» **Exercise description**:
List each line of the data in which the string "conjI" appears.

» **Supplied information**:
══════

(* Let $\mathcal{L}$ be a distributive abstract logic and define $a\le b$ iff $S_a\subseteq S_b$ for $a,b\in Expr_{\mathcal{L}}$, where $S_a=\{P\in PTh_{\mathcal{L}}: a\in P\}$. Then $(Expr_{\mathcal{L}},\le)$ is a distributive lattice with $\inf\{a,b\}=a\wedge b$ and $\sup\{a,b\}=a\vee b$; if $\mathcal{L}$ is bounded, it is a bounded lattice with least element $\bot$ and greatest element $\top$.
   Context: An abstract logic is a triple $\mathcal{L}=(Expr_{\mathcal{L}},Th_{\mathcal{L}},\mathcal{C}_{\mathcal{L}})$ where $Expr_{\mathcal{L}}$ is a set, $Th_{\mathcal{L}}$ a non-empty set of subsets of $Expr_{\mathcal{L}}$ (theories) closed under intersections of non-empty subfamilies, and $\mathcal{C}_{\mathcal{L}}$ a set of operations on $Expr_{\mathcal{L}}$. $\mathcal{L}$ is closed under union of chains if the union of every non-empty chain of theories is a theory. A theory $T$ is prime if $T=\bigcap\mathcal{T}$ with $\mathcal{T}\subseteq Th_{\mathcal{L}}$ non-empty finite implies $T\in\mathcal{T}$; totally prime if this holds for non-empty $\mathcal{T}$ of any size. $PTh_{\mathcal{L}}$, $TPTh_{\mathcal{L}}$ denote these sets. A distributive abstract logic is one closed under union of chains with binary connectives $\vee,\wedge$ such that for all $a,b$ and all $T\in TPTh_{\mathcal{L}}$: $a\vee b\in T$ iff $a\in T$ or $b\in T$; $a\wedge b\in T$ iff $a,b\in T$. It is bounded if moreover there are formulas $\top$ belonging to every theory and $\bot$ belonging to no theory. The paper treats elements $a,b$ with $a\le b$ and $b\le a$ as equal (equality $=_{\le}$ induced by the order). *)

theory Defs
  imports Main
begin

text \<open>An abstract logic: expressions form the carrier set E; Th is the set of theories.
  The operation set C_L only matters through the two binary connectives Or, And.\<close>

definition abstract_logic :: "'a set \<Rightarrow> 'a set set \<Rightarrow> bool" where
  "abstract_logic E Th \<longleftrightarrow> Th \<noteq> {} \<and> (\<forall>T\<in>Th. T \<subseteq> E) \<and>
     (\<forall>\<T>. \<T> \<subseteq> Th \<and> \<T> \<noteq> {} \<longrightarrow> \<Inter>\<T> \<in> Th)"

definition closed_union_chains :: "'a set set \<Rightarrow> bool" where
  "closed_union_chains Th \<longleftrightarrow>
     (\<forall>\<C>. \<C> \<subseteq> Th \<and> \<C> \<noteq> {} \<and> (\<forall>X\<in>\<C>. \<forall>Y\<in>\<C>. X \<subseteq> Y \<or> Y \<subseteq> X) \<longrightarrow> \<Union>\<C> \<in> Th)"

definition prime_theory :: "'a set set \<Rightarrow> 'a set \<Rightarrow> bool" where
  "prime_theory Th T \<longleftrightarrow> T \<in> Th \<and>
     (\<forall>\<T>. \<T> \<subseteq> Th \<and> \<T> \<noteq> {} \<and> finite \<T> \<and> T = \<Inter>\<T> \<longrightarrow> T \<in> \<T>)"

definition totally_prime_theory :: "'a set set \<Rightarrow> 'a set \<Rightarrow> bool" where
  "totally_prime_theory Th T \<longleftrightarrow> T \<in> Th \<and>
     (\<forall>\<T>. \<T> \<subseteq> Th \<and> \<T> \<noteq> {} \<and> T = \<Inter>\<T> \<longrightarrow> T \<in> \<T>)"

definition distributive_logic ::
  "'a set \<Rightarrow> 'a set set \<Rightarrow> ('a \<Rightarrow> 'a \<Rightarrow> 'a) \<Rightarrow> ('a \<Rightarrow> 'a \<Rightarrow> 'a) \<Rightarrow> bool" where
  "distributive_logic E Th Or And \<longleftrightarrow>
     abstract_logic E Th \<and> closed_union_chains Th \<and>
     (\<forall>a\<in>E. \<forall>b\<in>E. Or a b \<in> E \<and> And a b \<in> E) \<and>
     (\<forall>a\<in>E. \<forall>b\<in>E. \<forall>T. totally_prime_theory Th T \<longrightarrow>
        (Or a b \<in> T \<longleftrightarrow> a \<in> T \<or> b \<in> T) \<and>
        (And a b \<in> T \<longleftrightarrow> a \<in> T \<and> b \<in> T))"

definition bounded_logic :: "'a set \<Rightarrow> 'a set set \<Rightarrow> 'a \<Rightarrow> 'a \<Rightarrow> bool" where
  "bounded_logic E Th Top Bot \<longleftrightarrow> Top \<in> E \<and> Bot \<in> E \<and>
     (\<forall>T\<in>Th. Top \<in> T \<and> Bot \<notin> T)"

definition S_set :: "'a set set \<Rightarrow> 'a \<Rightarrow> 'a set set" where
  "S_set Th a = {P. prime_theory Th P \<and> a \<in> P}"

definition leq_L :: "'a set set \<Rightarrow> 'a \<Rightarrow> 'a \<Rightarrow> bool" where
  "leq_L Th a b \<longleftrightarrow> S_set Th a \<subseteq> S_set Th b"

end

theory Submission
  imports Defs
begin

text \<open>The order on expressions is defined through prime theories, but the connectives are only
  controlled on totally prime theories. The two agree: every theory omitting an expression b
  extends, by Zorn's lemma, to a maximal theory omitting b, and such a maximal theory is totally
  prime, since each theory strictly above it contains b and hence so does their intersection.
  So a \<le> b holds iff every totally prime theory containing a contains b, and the lattice laws
  reduce to the Boolean laws for "or" and "and" inside a single totally prime theory.\<close>

lemma totally_prime_theory_imp_prime_theory:
  "totally_prime_theory Th T \<Longrightarrow> prime_theory Th T"
  unfolding totally_prime_theory_def prime_theory_def by blast

lemma maximal_theory_omitting_is_totally_prime:
  assumes M: "M \<in> Th" "b \<notin> M"
    and maximal: "\<And>X. X \<in> Th \<Longrightarrow> M \<subseteq> X \<Longrightarrow> b \<notin> X \<Longrightarrow> X = M"
  shows "totally_prime_theory Th M"
  unfolding totally_prime_theory_def
proof (intro conjI allI impI)
  show "M \<in> Th" by (fact M(1))
  fix \<T> assume \<T>: "\<T> \<subseteq> Th \<and> \<T> \<noteq> {} \<and> M = \<Inter>\<T>"
  show "M \<in> \<T>"
  proof (rule ccontr)
    assume "M \<notin> \<T>"
    then have "\<forall>X\<in>\<T>. b \<in> X" using \<T> maximal by blast
    then have "b \<in> M" using \<T> by blast
    with M(2) show False by contradiction
  qed
qed

lemma totally_prime_theory_extending_omitting:
  assumes "closed_union_chains Th" and "P \<in> Th" and "b \<notin> P"
  obtains Q where "totally_prime_theory Th Q" "P \<subseteq> Q" "b \<notin> Q"
proof -
  let ?A = "{Q\<in>Th. P \<subseteq> Q \<and> b \<notin> Q}"
  have "\<exists>M\<in>?A. \<forall>X\<in>?A. M \<subseteq> X \<longrightarrow> X = M"
  proof (rule subset_Zorn_nonempty)
    show "?A \<noteq> {}" using assms(2,3) by blast
    fix \<C> assume "\<C> \<noteq> {}" and "subset.chain ?A \<C>"
    then have "\<C> \<subseteq> ?A" and "\<forall>X\<in>\<C>. \<forall>Y\<in>\<C>. X \<subseteq> Y \<or> Y \<subseteq> X"
      by (auto simp: subset.chain_def)
    moreover from \<open>\<C> \<subseteq> ?A\<close> have "\<C> \<subseteq> Th" by blast
    ultimately have "\<Union>\<C> \<in> Th"
      using assms(1) \<open>\<C> \<noteq> {}\<close> unfolding closed_union_chains_def by blast
    with \<open>\<C> \<noteq> {}\<close> \<open>\<C> \<subseteq> ?A\<close> show "\<Union>\<C> \<in> ?A" by blast
  qed
  then obtain M where "M \<in> ?A" and "\<forall>X\<in>?A. M \<subseteq> X \<longrightarrow> X = M" by blast
  then have "totally_prime_theory Th M"
    by (intro maximal_theory_omitting_is_totally_prime[of M Th b]) auto
  with \<open>M \<in> ?A\<close> show thesis using that by blast
qed

lemma leq_L_iff_totally_prime:
  assumes "closed_union_chains Th"
  shows "leq_L Th a b \<longleftrightarrow> (\<forall>T. totally_prime_theory Th T \<longrightarrow> a \<in> T \<longrightarrow> b \<in> T)"
proof
  assume "leq_L Th a b"
  then show "\<forall>T. totally_prime_theory Th T \<longrightarrow> a \<in> T \<longrightarrow> b \<in> T"
    unfolding leq_L_def S_set_def using totally_prime_theory_imp_prime_theory by blast
next
  assume tp: "\<forall>T. totally_prime_theory Th T \<longrightarrow> a \<in> T \<longrightarrow> b \<in> T"
  show "leq_L Th a b" unfolding leq_L_def S_set_def
  proof (intro subsetI CollectI conjI; elim CollectE conjE)
    fix P assume "prime_theory Th P" "a \<in> P"
    then show "prime_theory Th P" by simp
    show "b \<in> P"
    proof (rule ccontr)
      assume "b \<notin> P"
      moreover have "P \<in> Th" using \<open>prime_theory Th P\<close> unfolding prime_theory_def by simp
      ultimately obtain Q where "totally_prime_theory Th Q" "P \<subseteq> Q" "b \<notin> Q"
        using totally_prime_theory_extending_omitting[OF assms] by blast
      with tp \<open>a \<in> P\<close> show False by blast
    qed
  qed
qed

lemma leq_L_refl: "leq_L Th a a"
  unfolding leq_L_def by simp

lemma leq_L_trans: "leq_L Th a b \<Longrightarrow> leq_L Th b c \<Longrightarrow> leq_L Th a c"
  unfolding leq_L_def by blast

lemma leq_L_bounds:
  assumes "bounded_logic E Th Top Bot"
  shows "leq_L Th Bot a" and "leq_L Th a Top"
proof -
  have "Top \<in> P \<and> Bot \<notin> P" if "prime_theory Th P" for P
  proof -
    from that have "P \<in> Th" by (simp add: prime_theory_def)
    with assms show ?thesis by (simp add: bounded_logic_def)
  qed
  then show "leq_L Th Bot a" and "leq_L Th a Top"
    unfolding leq_L_def S_set_def by blast+
qed

context
  fixes E Th Or And
  assumes distributive: "distributive_logic E Th Or And"
begin

lemma leq_L_iff_totally_prime_distributive:
  "leq_L Th a b \<longleftrightarrow> (\<forall>T. totally_prime_theory Th T \<longrightarrow> a \<in> T \<longrightarrow> b \<in> T)"
  using distributive by (simp add: distributive_logic_def leq_L_iff_totally_prime)

lemma distributive_logic_connectives_closed:
  "a \<in> E \<Longrightarrow> b \<in> E \<Longrightarrow> Or a b \<in> E"
  "a \<in> E \<Longrightarrow> b \<in> E \<Longrightarrow> And a b \<in> E"
  using distributive by (simp_all add: distributive_logic_def)

lemma totally_prime_theory_connectives:
  assumes "totally_prime_theory Th T" "a \<in> E" "b \<in> E"
  shows "Or a b \<in> T \<longleftrightarrow> a \<in> T \<or> b \<in> T"
    and "And a b \<in> T \<longleftrightarrow> a \<in> T \<and> b \<in> T"
  using distributive assms by (simp_all add: distributive_logic_def)

lemma leq_L_And_is_meet:
  assumes "a \<in> E" "b \<in> E"
  shows "leq_L Th (And a b) a" "leq_L Th (And a b) b"
    and "leq_L Th c a \<Longrightarrow> leq_L Th c b \<Longrightarrow> leq_L Th c (And a b)"
  using assms by (simp_all add: leq_L_iff_totally_prime_distributive totally_prime_theory_connectives)

lemma leq_L_Or_is_join:
  assumes "a \<in> E" "b \<in> E"
  shows "leq_L Th a (Or a b)" "leq_L Th b (Or a b)"
    and "leq_L Th a c \<Longrightarrow> leq_L Th b c \<Longrightarrow> leq_L Th (Or a b) c"
  using assms by (auto simp: leq_L_iff_totally_prime_distributive totally_prime_theory_connectives)

lemma leq_L_distrib:
  assumes "a \<in> E" "b \<in> E" "c \<in> E"
  shows "leq_L Th (And a (Or b c)) (Or (And a b) (And a c))"
    and "leq_L Th (Or (And a b) (And a c)) (And a (Or b c))"
  using assms distributive_logic_connectives_closed
  by (auto simp: leq_L_iff_totally_prime_distributive totally_prime_theory_connectives)

end

theorem lemma3p6:
  assumes "distributive_logic E Th Or And"
  shows "(\<forall>a\<in>E. leq_L Th a a)
    \<and> (\<forall>a\<in>E. \<forall>b\<in>E. \<forall>c\<in>E. leq_L Th a b \<and> leq_L Th b c \<longrightarrow> leq_L Th a c)
    \<and> (\<forall>a\<in>E. \<forall>b\<in>E. leq_L Th (And a b) a \<and> leq_L Th (And a b) b \<and>
         (\<forall>c\<in>E. leq_L Th c a \<and> leq_L Th c b \<longrightarrow> leq_L Th c (And a b)))
    \<and> (\<forall>a\<in>E. \<forall>b\<in>E. leq_L Th a (Or a b) \<and> leq_L Th b (Or a b) \<and>
         (\<forall>c\<in>E. leq_L Th a c \<and> leq_L Th b c \<longrightarrow> leq_L Th (Or a b) c))
    \<and> (\<forall>a\<in>E. \<forall>b\<in>E. \<forall>c\<in>E.
         leq_L Th (And a (Or b c)) (Or (And a b) (And a c)) \<and>
         leq_L Th (Or (And a b) (And a c)) (And a (Or b c)))
    \<and> (\<forall>Top Bot. bounded_logic E Th Top Bot \<longrightarrow>
         (\<forall>a\<in>E. leq_L Th Bot a \<and> leq_L Th a Top))"
proof (intro conjI ballI allI impI)
  fix a b c assume "a \<in> E" "b \<in> E" "c \<in> E"
  note meet = leq_L_And_is_meet[OF assms \<open>a \<in> E\<close> \<open>b \<in> E\<close>]
    and join = leq_L_Or_is_join[OF assms \<open>a \<in> E\<close> \<open>b \<in> E\<close>]
    and distrib = leq_L_distrib[OF assms \<open>a \<in> E\<close> \<open>b \<in> E\<close> \<open>c \<in> E\<close>]
  show "leq_L Th (And a b) a" "leq_L Th (And a b) b" by (fact meet(1), fact meet(2))
  show "leq_L Th a (Or a b)" "leq_L Th b (Or a b)" by (fact join(1), fact join(2))
  show "leq_L Th (And a (Or b c)) (Or (And a b) (And a c))"
    "leq_L Th (Or (And a b) (And a c)) (And a (Or b c))" by (fact distrib(1), fact distrib(2))
  show "leq_L Th c (And a b)" if "leq_L Th c a \<and> leq_L Th c b"
    using that by (elim conjE) (rule meet(3))
  show "leq_L Th (Or a b) c" if "leq_L Th a c \<and> leq_L Th b c"
    using that by (elim conjE) (rule join(3))
  show "leq_L Th a c" if "leq_L Th a b \<and> leq_L Th b c"
    using that by (elim conjE) (rule leq_L_trans)
  show "leq_L Th a a" by (fact leq_L_refl)
  show "leq_L Th Bot a" if "bounded_logic E Th Top Bot" for Top Bot
    using that by (rule leq_L_bounds(1))
  show "leq_L Th a Top" if "bounded_logic E Th Top Bot" for Top Bot
    using that by (rule leq_L_bounds(2))
qed

end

══════

» **Result for this exercise**:
proof (intro conjI allI impI)
  proof (intro subsetI CollectI conjI; elim CollectE conjE)
proof (intro conjI ballI allI impI)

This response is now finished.